(Beginning of Input)
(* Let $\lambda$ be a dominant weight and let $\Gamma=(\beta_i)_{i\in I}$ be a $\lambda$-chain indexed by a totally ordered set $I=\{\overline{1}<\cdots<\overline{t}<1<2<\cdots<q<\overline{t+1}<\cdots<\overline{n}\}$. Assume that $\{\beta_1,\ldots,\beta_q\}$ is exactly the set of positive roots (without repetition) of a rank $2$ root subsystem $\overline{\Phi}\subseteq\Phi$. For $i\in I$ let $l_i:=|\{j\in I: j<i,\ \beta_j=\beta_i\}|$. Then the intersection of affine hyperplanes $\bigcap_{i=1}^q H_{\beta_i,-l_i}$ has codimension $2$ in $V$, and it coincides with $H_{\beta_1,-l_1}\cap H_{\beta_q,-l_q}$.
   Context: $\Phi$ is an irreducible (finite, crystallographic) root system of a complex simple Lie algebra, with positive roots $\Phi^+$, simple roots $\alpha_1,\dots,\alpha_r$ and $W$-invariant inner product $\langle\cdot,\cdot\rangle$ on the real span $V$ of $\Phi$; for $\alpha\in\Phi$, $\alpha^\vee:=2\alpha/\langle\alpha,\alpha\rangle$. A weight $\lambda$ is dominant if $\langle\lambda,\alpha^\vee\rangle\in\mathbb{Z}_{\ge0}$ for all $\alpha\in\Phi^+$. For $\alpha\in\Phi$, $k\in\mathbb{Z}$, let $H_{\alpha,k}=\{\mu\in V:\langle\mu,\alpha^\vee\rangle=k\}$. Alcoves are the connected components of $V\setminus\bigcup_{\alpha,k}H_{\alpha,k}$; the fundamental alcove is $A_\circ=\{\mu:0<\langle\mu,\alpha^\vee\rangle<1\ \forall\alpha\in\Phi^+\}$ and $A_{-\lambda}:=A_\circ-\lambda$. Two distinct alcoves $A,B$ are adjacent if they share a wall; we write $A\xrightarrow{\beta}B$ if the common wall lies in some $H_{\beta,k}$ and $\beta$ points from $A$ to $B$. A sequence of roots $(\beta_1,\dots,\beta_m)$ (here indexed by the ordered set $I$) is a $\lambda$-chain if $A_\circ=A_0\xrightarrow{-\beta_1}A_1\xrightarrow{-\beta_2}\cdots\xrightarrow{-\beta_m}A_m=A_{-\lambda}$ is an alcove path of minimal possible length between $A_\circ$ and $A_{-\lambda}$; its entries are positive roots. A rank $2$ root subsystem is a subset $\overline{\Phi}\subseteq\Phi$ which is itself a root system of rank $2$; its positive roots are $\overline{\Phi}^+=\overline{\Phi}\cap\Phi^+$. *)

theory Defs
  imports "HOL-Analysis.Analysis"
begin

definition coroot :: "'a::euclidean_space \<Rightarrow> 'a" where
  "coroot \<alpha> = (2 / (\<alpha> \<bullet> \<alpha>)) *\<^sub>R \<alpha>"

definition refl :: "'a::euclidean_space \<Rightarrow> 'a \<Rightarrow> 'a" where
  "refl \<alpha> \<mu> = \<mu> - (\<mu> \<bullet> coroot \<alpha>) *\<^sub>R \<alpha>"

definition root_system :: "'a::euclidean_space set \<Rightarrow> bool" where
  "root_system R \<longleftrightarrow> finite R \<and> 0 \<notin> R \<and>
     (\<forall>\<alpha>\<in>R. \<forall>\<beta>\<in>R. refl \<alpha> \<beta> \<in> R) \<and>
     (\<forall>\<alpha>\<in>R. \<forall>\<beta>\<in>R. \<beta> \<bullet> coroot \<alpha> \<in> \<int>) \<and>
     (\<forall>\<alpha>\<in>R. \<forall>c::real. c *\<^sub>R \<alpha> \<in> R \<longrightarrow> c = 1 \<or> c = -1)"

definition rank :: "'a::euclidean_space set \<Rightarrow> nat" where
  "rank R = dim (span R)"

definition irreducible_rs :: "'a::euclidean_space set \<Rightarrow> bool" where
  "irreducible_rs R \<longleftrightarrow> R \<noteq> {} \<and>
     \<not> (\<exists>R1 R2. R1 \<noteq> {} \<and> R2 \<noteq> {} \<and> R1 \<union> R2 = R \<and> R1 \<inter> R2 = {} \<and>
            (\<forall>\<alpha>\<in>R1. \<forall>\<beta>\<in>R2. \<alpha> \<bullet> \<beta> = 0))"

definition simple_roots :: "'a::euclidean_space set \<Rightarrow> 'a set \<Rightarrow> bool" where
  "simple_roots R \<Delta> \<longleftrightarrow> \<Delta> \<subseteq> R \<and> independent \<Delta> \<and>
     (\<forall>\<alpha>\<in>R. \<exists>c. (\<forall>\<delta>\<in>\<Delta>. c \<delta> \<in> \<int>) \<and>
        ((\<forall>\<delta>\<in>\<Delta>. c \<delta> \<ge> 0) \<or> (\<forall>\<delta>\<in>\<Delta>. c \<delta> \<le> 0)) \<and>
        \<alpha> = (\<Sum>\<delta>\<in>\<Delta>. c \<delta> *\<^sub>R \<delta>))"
(End of Input)
Check each line of the records for the word "coroot", and show the lines that contain it.

definition coroot :: "'a::euclidean_space \<Rightarrow> 'a" where
  "coroot \<alpha> = (2 / (\<alpha> \<bullet> \<alpha>)) *\<^sub>R \<alpha>"
  "refl \<alpha> \<mu> = \<mu> - (\<mu> \<bullet> coroot \<alpha>) *\<^sub>R \<alpha>"
     (\<forall>\<alpha>\<in>R. \<forall>\<beta>\<in>R. \<beta> \<bullet> coroot \<alpha> \<in> \<int>) \<and>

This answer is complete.